lemma borel_measurable_upper_semicontinuous_on_open:
  fixes f :: "'a::metric_space \<Rightarrow> real"
  assumes "open S"
    and usc: "\<And>x t. x \<in> S \<Longrightarrow> f x < t \<Longrightarrow> \<exists>e>0. \<forall>y\<in>S. dist y x < e \<longrightarrow> f y < t"
  shows "(\<lambda>x. if x \<in> S then f x else 0) \<in> borel_measurable borel"
  unfolding borel_measurable_iff_less
proof
  fix a :: real
  have "open {x\<in>S. f x < a}"
    unfolding open_dist
  proof
    fix x assume x: "x \<in> {x\<in>S. f x < a}"
    obtain e where e: "e > 0" "\<forall>y\<in>S. dist y x < e \<longrightarrow> f y < a"
      using usc x by blast
    obtain e' where e': "e' > 0" "\<forall>y. dist y x < e' \<longrightarrow> y \<in> S"
      using \<open>open S\<close> x unfolding open_dist by blast
    show "\<exists>e>0. \<forall>y. dist y x < e \<longrightarrow> y \<in> {x \<in> S. f x < a}"
      using e e' by (intro exI[where x="min e e'"]) auto
  qed
  moreover have "{x \<in> space borel. (if x \<in> S then f x else 0) < a} =
     {x\<in>S. f x < a} \<union> (if 0 < a then - S else {})"
    by auto
  ultimately show "{x \<in> space borel. (if x \<in> S then f x else 0) < a} \<in> sets borel"
    using \<open>open S\<close> by auto
qed

lemma cball_integral_measurable:
  fixes M :: "'a::metric_space measure" and w :: "'a \<Rightarrow> real"
  assumes sets: "sets M = sets borel" and fin: "\<And>c r. emeasure M (cball c r) < \<infinity>"
    and w: "w \<in> borel_measurable M" "AE z in M. \<bar>w z\<bar> \<le> C"
    and "open S" and cont: "continuous_on S \<rho>"
  shows "(\<lambda>x. if x \<in> S then LINT z:cball x (\<rho> x)|M. w z else 0) \<in> borel_measurable borel"
proof -
  define H where "H g x = (if x \<in> S then LINT z:cball x (\<rho> x)|M. g z else 0)"
    for g :: "'a \<Rightarrow> real" and x
  have int: "set_integrable M (cball c r) g"
    if "g \<in> borel_measurable M" "AE z in M. \<bar>g z\<bar> \<le> C" for g c r
    using sets fin that by (intro set_integrable_bounded) auto
  have nonneg: "H g \<in> borel_measurable borel"
    if g: "g \<in> borel_measurable M" "AE z in M. \<bar>g z\<bar> \<le> C" "\<And>z. 0 \<le> g z" for g
    unfolding H_def
    by (rule borel_measurable_upper_semicontinuous_on_open[OF \<open>open S\<close>],
        rule cball_integral_upper_semicontinuous[OF sets int[OF g(1,2)] g(3) cont])
  define wp wn where "wp z = max 0 (w z)" and "wn z = max 0 (- w z)" for z
  have parts_measurable: "wp \<in> borel_measurable M" "wn \<in> borel_measurable M"
    unfolding wp_def[abs_def] wn_def[abs_def] using w(1) by measurable
  have parts_bounded: "AE z in M. \<bar>wp z\<bar> \<le> C" "AE z in M. \<bar>wn z\<bar> \<le> C"
    using w(2) by (auto simp: wp_def wn_def elim!: eventually_mono)
  have w_split: "w z = wp z - wn z" for z
    by (auto simp: wp_def wn_def)
  have "H w = (\<lambda>x. H wp x - H wn x)"
  proof
    fix x
    have "(LINT z:cball x (\<rho> x)|M. w z) = (LINT z:cball x (\<rho> x)|M. wp z - wn z)"
      by (simp only: w_split)
    also have "\<dots> = (LINT z:cball x (\<rho> x)|M. wp z) - (LINT z:cball x (\<rho> x)|M. wn z)"
      using int[OF parts_measurable(1) parts_bounded(1)] int[OF parts_measurable(2) parts_bounded(2)]
      by (rule set_integral_diff(2))
    finally show "H w x = H wp x - H wn x"
      by (simp add: H_def)
  qed
  moreover have "H wp \<in> borel_measurable borel" "H wn \<in> borel_measurable borel"
    using parts_measurable parts_bounded by (auto intro!: nonneg simp: wp_def wn_def)
  ultimately show ?thesis
    unfolding H_def[symmetric] by simp
qed

locale averaging_domain =
  fixes \<mu> :: "'a::metric_space measure" and \<Omega> :: "'a set" and \<rho> :: "'a \<Rightarrow> real"
  assumes mm_space: "mm_space \<mu>" and open_domain: "open \<Omega>"
    and admissible: "admissible_radius \<Omega> \<rho>"
begin

lemma sets_eq_borel: "sets \<mu> = sets borel"
  using mm_space by (simp add: mm_space_def)

lemma domain_sets: "\<Omega> \<inter> space \<mu> \<in> sets \<mu>"
  using open_domain sets_eq_borel by auto

lemma emeasure_cball_finite: "emeasure \<mu> (cball c r) < \<infinity>"
proof -
  have "emeasure \<mu> (cball c r) \<le> emeasure \<mu> (cball c (max r 1))"
    using sets_eq_borel by (intro emeasure_mono) auto
  also have "\<dots> < \<infinity>"
    using mm_space by (simp add: mm_space_def)
  finally show ?thesis .
qed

----------

Your task is to return each line of the data above that contains the string "define".

* Output
  define H where "H g x = (if x \<in> S then LINT z:cball x (\<rho> x)|M. g z else 0)"
  define wp wn where "wp z = max 0 (w z)" and "wn z = max 0 (- w z)" for z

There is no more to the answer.